◆ **REQUIRED ACTION**: Each record below needs to be written out exactly as it reads.

---------- THE DATA

lemma lebesgue_sets_between_Ioo_Icc:
  fixes J :: "real set"
  assumes "{a<..<b} \<subseteq> J" "J \<subseteq> {a..b}"
  shows "J \<in> sets lebesgue"
proof -
  have "J = {a<..<b} \<union> (J \<inter> {a, b})" using assms by auto
  moreover have "J \<inter> {a, b} \<in> null_sets lebesgue"
    using finite_imp_null_set_lborel[of "J \<inter> {a, b}"] null_sets_completionI by blast
  ultimately show ?thesis
    by (metis null_setsD2 sets.Un sets_completionI_sets greaterThanLessThan_borel sets_lborel)
qed

lemma measure_period_Int_between_Ioo_Icc:
  fixes J :: "real set"
  assumes "a \<le> b" "{a<..<b} \<subseteq> J" "J \<subseteq> {a..b}"
  shows "measure lebesgue ({0<..<2*pi} \<inter> J) = clip b - clip a"
proof -
  have inner: "{max 0 a<..<min (2*pi) b} \<subseteq> {0<..<2*pi} \<inter> J"
   and outer: "{0<..<2*pi} \<inter> J \<subseteq> {max 0 a..min (2*pi) b}" using assms(2,3) by auto
  have J: "{0<..<2*pi} \<inter> J \<in> lmeasurable"
    by (intro fmeasurable_Int_fmeasurable lebesgue_sets_between_Ioo_Icc[OF assms(2,3)]) auto
  show ?thesis
  proof (cases "max 0 a \<le> min (2*pi) b")
    case True
    have "measure lebesgue {max 0 a<..<min (2*pi) b} \<le> measure lebesgue ({0<..<2*pi} \<inter> J)"
      using inner J by (intro measure_mono_fmeasurable) auto
    moreover have "measure lebesgue ({0<..<2*pi} \<inter> J) \<le> measure lebesgue {max 0 a..min (2*pi) b}"
      using outer J by (intro measure_mono_fmeasurable) auto
    ultimately show ?thesis using True assms(1) by (simp add: clip_def)
  next
    case False
    then have "{0<..<2*pi} \<inter> J = {}" using outer by auto
    then show ?thesis using False assms(1) pi_gt_zero by (auto simp: clip_def)
  qed
qed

--------------------

◆ **ANSWER TO THIS EXERCISE**:
lemma lebesgue_sets_between_Ioo_Icc:
  fixes J :: "real set"
  assumes "{a<..<b} \<subseteq> J" "J \<subseteq> {a..b}"
  shows "J \<in> sets lebesgue"
proof -
  have "J = {a<..<b} \<union> (J \<inter> {a, b})" using assms by auto
  moreover have "J \<inter> {a, b} \<in> null_sets lebesgue"
    using finite_imp_null_set_lborel[of "J \<inter> {a, b}"] null_sets_completionI by blast
  ultimately show ?thesis
    by (metis null_setsD2 sets.Un sets_completionI_sets greaterThanLessThan_borel sets_lborel)
qed

lemma measure_period_Int_between_Ioo_Icc:
  fixes J :: "real set"
  assumes "a \<le> b" "{a<..<b} \<subseteq> J" "J \<subseteq> {a..b}"
  shows "measure lebesgue ({0<..<2*pi} \<inter> J) = clip b - clip a"
proof -
  have inner: "{max 0 a<..<min (2*pi) b} \<subseteq> {0<..<2*pi} \<inter> J"
   and outer: "{0<..<2*pi} \<inter> J \<subseteq> {max 0 a..min (2*pi) b}" using assms(2,3) by auto
  have J: "{0<..<2*pi} \<inter> J \<in> lmeasurable"
    by (intro fmeasurable_Int_fmeasurable lebesgue_sets_between_Ioo_Icc[OF assms(2,3)]) auto
  show ?thesis
  proof (cases "max 0 a \<le> min (2*pi) b")
    case True
    have "measure lebesgue {max 0 a<..<min (2*pi) b} \<le> measure lebesgue ({0<..<2*pi} \<inter> J)"
      using inner J by (intro measure_mono_fmeasurable) auto
    moreover have "measure lebesgue ({0<..<2*pi} \<inter> J) \<le> measure lebesgue {max 0 a..min (2*pi) b}"
      using outer J by (intro measure_mono_fmeasurable) auto
    ultimately show ?thesis using True assms(1) by (simp add: clip_def)
  next
    case False
    then have "{0<..<2*pi} \<inter> J = {}" using outer by auto
    then show ?thesis using False assms(1) pi_gt_zero by (auto simp: clip_def)
  qed
qed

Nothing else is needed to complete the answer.